| The data |

•••••

lemma sliding_hump_choice:
  fixes \<nu> :: "nat \<Rightarrow> 'a set \<Rightarrow> real" and G :: "nat \<Rightarrow> 'a set"
  assumes conv: "\<And>E. E \<in> sets M \<Longrightarrow> (\<lambda>n. \<nu> n E) \<longlonglongrightarrow> \<mu> E"
    and G: "range G \<subseteq> sets M" "\<And>n. (\<lambda>m. \<nu> n (G m)) \<longlonglongrightarrow> 0"
    and big: "\<And>N. \<epsilon> \<le> \<mu> (G N)" and "0 < \<delta>"
  obtains N C n where "strict_mono N" "C 0 = {}"
    "\<And>k. C (Suc k) = (if even k then C k \<union> (G (N k) - G (N (Suc k))) else C k)"
    "\<And>k. C k \<in> sets M" "\<And>k. k \<le> n k"
    "\<And>k. \<epsilon> - \<delta> < \<nu> (n k) (G (N k))" "\<And>k. \<nu> (n k) (G (N (Suc k))) < \<delta>"
    "\<And>k. \<bar>\<nu> (n k) (C k) - \<mu> (C k)\<bar> < \<delta>"
proof -
  \<comment> \<open>The construction carries the pair \<open>(N k, C k)\<close>, since \<open>n k\<close> must be chosen after \<open>C k\<close>.\<close>
  define step where "step k x y \<longleftrightarrow>
      (\<exists>n\<ge>k. \<epsilon> - \<delta> < \<nu> n (G (fst x)) \<and> \<nu> n (G (fst y)) < \<delta> \<and> \<bar>\<nu> n (snd x) - \<mu> (snd x)\<bar> < \<delta>)
      \<and> fst x < fst y \<and> snd y = (if even k then snd x \<union> (G (fst x) - G (fst y)) else snd x)"
    for k :: nat and x y :: "nat \<times> 'a set"
  have "\<exists>f. \<forall>k. (snd (f k) \<in> sets M \<and> (k = 0 \<longrightarrow> snd (f k) = {})) \<and> step k (f k) (f (Suc k))"
  proof (rule dependent_nat_choice)
    fix x :: "nat \<times> 'a set" and k :: nat
    assume "snd x \<in> sets M \<and> (k = 0 \<longrightarrow> snd x = {})"
    then have x: "snd x \<in> sets M" by blast
    obtain n m where n: "k \<le> n" "fst x < m" "\<epsilon> - \<delta> < \<nu> n (G (fst x))" "\<nu> n (G m) < \<delta>"
      "\<bar>\<nu> n (snd x) - \<mu> (snd x)\<bar> < \<delta>"
      using sliding_hump_step[OF conv G big \<open>0 < \<delta>\<close> x] by blast
    define y where "y = (m, if even k then snd x \<union> (G (fst x) - G m) else snd x)"
    have "snd y \<in> sets M" using x G(1) by (auto simp: y_def)
    moreover have "step k x y" using n by (auto simp: step_def y_def)
    ultimately show "\<exists>y. (snd y \<in> sets M \<and> (Suc k = 0 \<longrightarrow> snd y = {})) \<and> step k x y" by blast
  qed (rule exI[of _ "(0, {})"], simp)
  then obtain f where f: "\<And>k. snd (f k) \<in> sets M" "snd (f 0) = {}" "\<And>k. step k (f k) (f (Suc k))"
    by blast
  then obtain n where "\<And>k. k \<le> n k \<and> \<epsilon> - \<delta> < \<nu> (n k) (G (fst (f k)))
      \<and> \<nu> (n k) (G (fst (f (Suc k)))) < \<delta> \<and> \<bar>\<nu> (n k) (snd (f k)) - \<mu> (snd (f k))\<bar> < \<delta>"
    unfolding step_def by metis
  moreover have "strict_mono (\<lambda>k. fst (f k))"
    using f(3) by (intro strict_mono_Suc_iff[THEN iffD2]) (simp add: step_def)
  moreover have "snd (f (Suc k)) = (if even k then snd (f k) \<union> (G (fst (f k)) - G (fst (f (Suc k))))
      else snd (f k))" for k
    using f(3)[of k] by (simp add: step_def)
  ultimately show ?thesis
    using that[of "\<lambda>k. fst (f k)" "\<lambda>k. snd (f k)" n] f(1,2) by blast
qed
lemma norm_le_sqrt_card_mult:
  fixes e :: "real^'p"
  assumes "\<And>i. \<bar>e $ i\<bar> \<le> c"
  shows "norm e \<le> sqrt (real CARD('p)) * c"
proof -
  have "0 \<le> c" using assms[of undefined] by linarith
  have sq: "(e $ i)\<^sup>2 \<le> c\<^sup>2" for i
    using power_mono[OF assms[of i] abs_ge_zero, of 2] by simp
  have "(norm e)\<^sup>2 = (\<Sum>i\<in>UNIV. (e $ i)\<^sup>2)"
    by (simp add: norm_vec_def L2_set_def sum_nonneg)
  also have "\<dots> \<le> (\<Sum>i\<in>(UNIV::'p set). c\<^sup>2)"
    using sq by (rule sum_mono)
  also have "\<dots> = (sqrt (real CARD('p)) * c)\<^sup>2"
    by (simp add: power_mult_distrib)
  finally have "(norm e)\<^sup>2 \<le> (sqrt (real CARD('p)) * c)\<^sup>2" .
  then show ?thesis by (rule power2_le_imp_le) (simp add: \<open>0 \<le> c\<close>)
qed

lemma transpose_mult_column:
  fixes R :: "real^'p^'q"
  shows "(transpose R *v a) $ i = column i R \<bullet> a"
  by (simp add: matrix_vector_mult_def transpose_def column_def inner_vec_def mult.commute)

lemma matrix_inv_inverse:
  fixes A :: "'a::field^'n^'n"
  assumes "invertible A"
  shows "A ** matrix_inv A = mat 1" and "matrix_inv A ** A = mat 1"
  using someI_ex[OF assms[unfolded invertible_def]] by (simp_all add: matrix_inv_def)

lemma matrix_inv_unique:
  fixes A B :: "'a::field^'n^'n"
  assumes AB: "A ** B = mat 1" and BA: "B ** A = mat 1"
  shows "matrix_inv A = B"
proof -
  have "invertible A" using AB BA unfolding invertible_def by blast
  then have "matrix_inv A = matrix_inv A ** (A ** B)" by (simp add: AB)
  also have "\<dots> = (matrix_inv A ** A) ** B" by (rule matrix_mul_assoc)
  also have "\<dots> = B" by (simp add: matrix_inv_inverse \<open>invertible A\<close>)
  finally show ?thesis .
qed

lemma matrix_inv_transpose:
  fixes A :: "'a::field^'n^'n"
  assumes "invertible A"
  shows "matrix_inv (transpose A) = transpose (matrix_inv A)"
  by (rule matrix_inv_unique)
    (metis matrix_transpose_mul transpose_mat matrix_inv_inverse assms)+

lemma matrix_inv_scaleR:
  fixes A :: "real^'n^'n"
  assumes "c \<noteq> 0" and "invertible A"
  shows "matrix_inv (c *\<^sub>R A) = inverse c *\<^sub>R matrix_inv A"
  by (rule matrix_inv_unique) (simp_all add: matrix_scalar_ac matrix_inv_inverse assms)

lemma pinv_invertible:
  fixes A :: "real^'n^'n"
  assumes "invertible A"
  shows "pinv A = matrix_inv A"
  unfolding pinv_def
proof (rule the_equality)
  show "A ** matrix_inv A ** A = A \<and> matrix_inv A ** A ** matrix_inv A = matrix_inv A \<and>
      transpose (A ** matrix_inv A) = A ** matrix_inv A \<and>
      transpose (matrix_inv A ** A) = matrix_inv A ** A"
    by (simp add: matrix_inv_inverse assms)
next
  fix X assume "A ** X ** A = A \<and> X ** A ** X = X \<and>
      transpose (A ** X) = A ** X \<and> transpose (X ** A) = X ** A"
  then have AXA: "A ** X ** A = A" by blast
  have "X = (matrix_inv A ** A) ** X ** (A ** matrix_inv A)"
    by (simp add: matrix_inv_inverse assms)
  also have "\<dots> = matrix_inv A ** (A ** X ** A) ** matrix_inv A"
    by (simp only: matrix_mul_assoc)
  also have "\<dots> = matrix_inv A"
    by (simp add: AXA matrix_inv_inverse assms)
  finally show "X = matrix_inv A" .
qed

lemma invertible_right_factor_full_rank:
  fixes Q :: "real^'p^'n" and R :: "real^'p^'p"
  assumes "rank (Q ** R) = CARD('p)"
  shows "invertible R"
proof -
  have "rank R = CARD('p)"
    using assms rank_mul_le_right[of Q R] rank_bound[of R] by linarith
  then have "inj ((*v) R)" by (simp add: full_rank_injective)
  then show ?thesis
    using matrix_left_invertible_injective invertible_left_inverse by blast
qed

lemma scaleR_mem_proj_set:
  fixes Q :: "real^'p^'n"
  assumes "convex C" "x0 \<in> C" "d \<in> proj_set Q C x0" "0 \<le> t" "t \<le> 1"
  shows "t *\<^sub>R d \<in> proj_set Q C x0"
proof -
  obtain z where z: "z \<in> C" "d = transpose Q *v (z - x0)"
    using assms(3) unfolding proj_set_def by blast
  have "(1 - t) *\<^sub>R x0 + t *\<^sub>R z \<in> C"
    using assms z(1) by (intro convexD) auto
  moreover have "t *\<^sub>R d = transpose Q *v ((1 - t) *\<^sub>R x0 + t *\<^sub>R z - x0)"
    by (simp add: z(2) algebra_simps)
  ultimately show ?thesis unfolding proj_set_def by blast
qed

lemma zero_mem_proj_set: "x0 \<in> C \<Longrightarrow> 0 \<in> proj_set Q C x0"
  unfolding proj_set_def by force

lemma norm_column_le_diam_bar: "norm (column i R) \<le> diam_bar R"
proof -
  have "{norm (column i R) | i. True} = range (\<lambda>i. norm (column i R))" by auto
  then show ?thesis unfolding diam_bar_def by (simp add: Max_ge)
qed

lemma diam_bar_pos:
  fixes R :: "real^'p^'p"
  assumes "invertible R"
  shows "0 < diam_bar R"
proof -
  have "column i R \<noteq> 0" for i
  proof
    assume "column i R = 0"
    then have "R *v axis i 1 = R *v 0" by (simp add: matrix_vector_mult_basis)
    then have "axis i (1::real) = 0"
      using inj_matrix_vector_mult[OF assms] by (meson injD)
    then show False by (simp add: axis_eq_0_iff)
  qed
  then show ?thesis
    using norm_column_le_diam_bar[of undefined R] by (metis less_le_trans zero_less_norm_iff)
qed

•••••

| Brief |
Go back to the start of the listing above. Reproduce each line exactly, ending with the line that contains "for k :: nat".

| Response to this task |
lemma sliding_hump_choice:
  fixes \<nu> :: "nat \<Rightarrow> 'a set \<Rightarrow> real" and G :: "nat \<Rightarrow> 'a set"
  assumes conv: "\<And>E. E \<in> sets M \<Longrightarrow> (\<lambda>n. \<nu> n E) \<longlonglongrightarrow> \<mu> E"
    and G: "range G \<subseteq> sets M" "\<And>n. (\<lambda>m. \<nu> n (G m)) \<longlonglongrightarrow> 0"
    and big: "\<And>N. \<epsilon> \<le> \<mu> (G N)" and "0 < \<delta>"
  obtains N C n where "strict_mono N" "C 0 = {}"
    "\<And>k. C (Suc k) = (if even k then C k \<union> (G (N k) - G (N (Suc k))) else C k)"
    "\<And>k. C k \<in> sets M" "\<And>k. k \<le> n k"
    "\<And>k. \<epsilon> - \<delta> < \<nu> (n k) (G (N k))" "\<And>k. \<nu> (n k) (G (N (Suc k))) < \<delta>"
    "\<And>k. \<bar>\<nu> (n k) (C k) - \<mu> (C k)\<bar> < \<delta>"
proof -
  \<comment> \<open>The construction carries the pair \<open>(N k, C k)\<close>, since \<open>n k\<close> must be chosen after \<open>C k\<close>.\<close>
  define step where "step k x y \<longleftrightarrow>
      (\<exists>n\<ge>k. \<epsilon> - \<delta> < \<nu> n (G (fst x)) \<and> \<nu> n (G (fst y)) < \<delta> \<and> \<bar>\<nu> n (snd x) - \<mu> (snd x)\<bar> < \<delta>)
      \<and> fst x < fst y \<and> snd y = (if even k then snd x \<union> (G (fst x) - G (fst y)) else snd x)"
    for k :: nat and x y :: "nat \<times> 'a set"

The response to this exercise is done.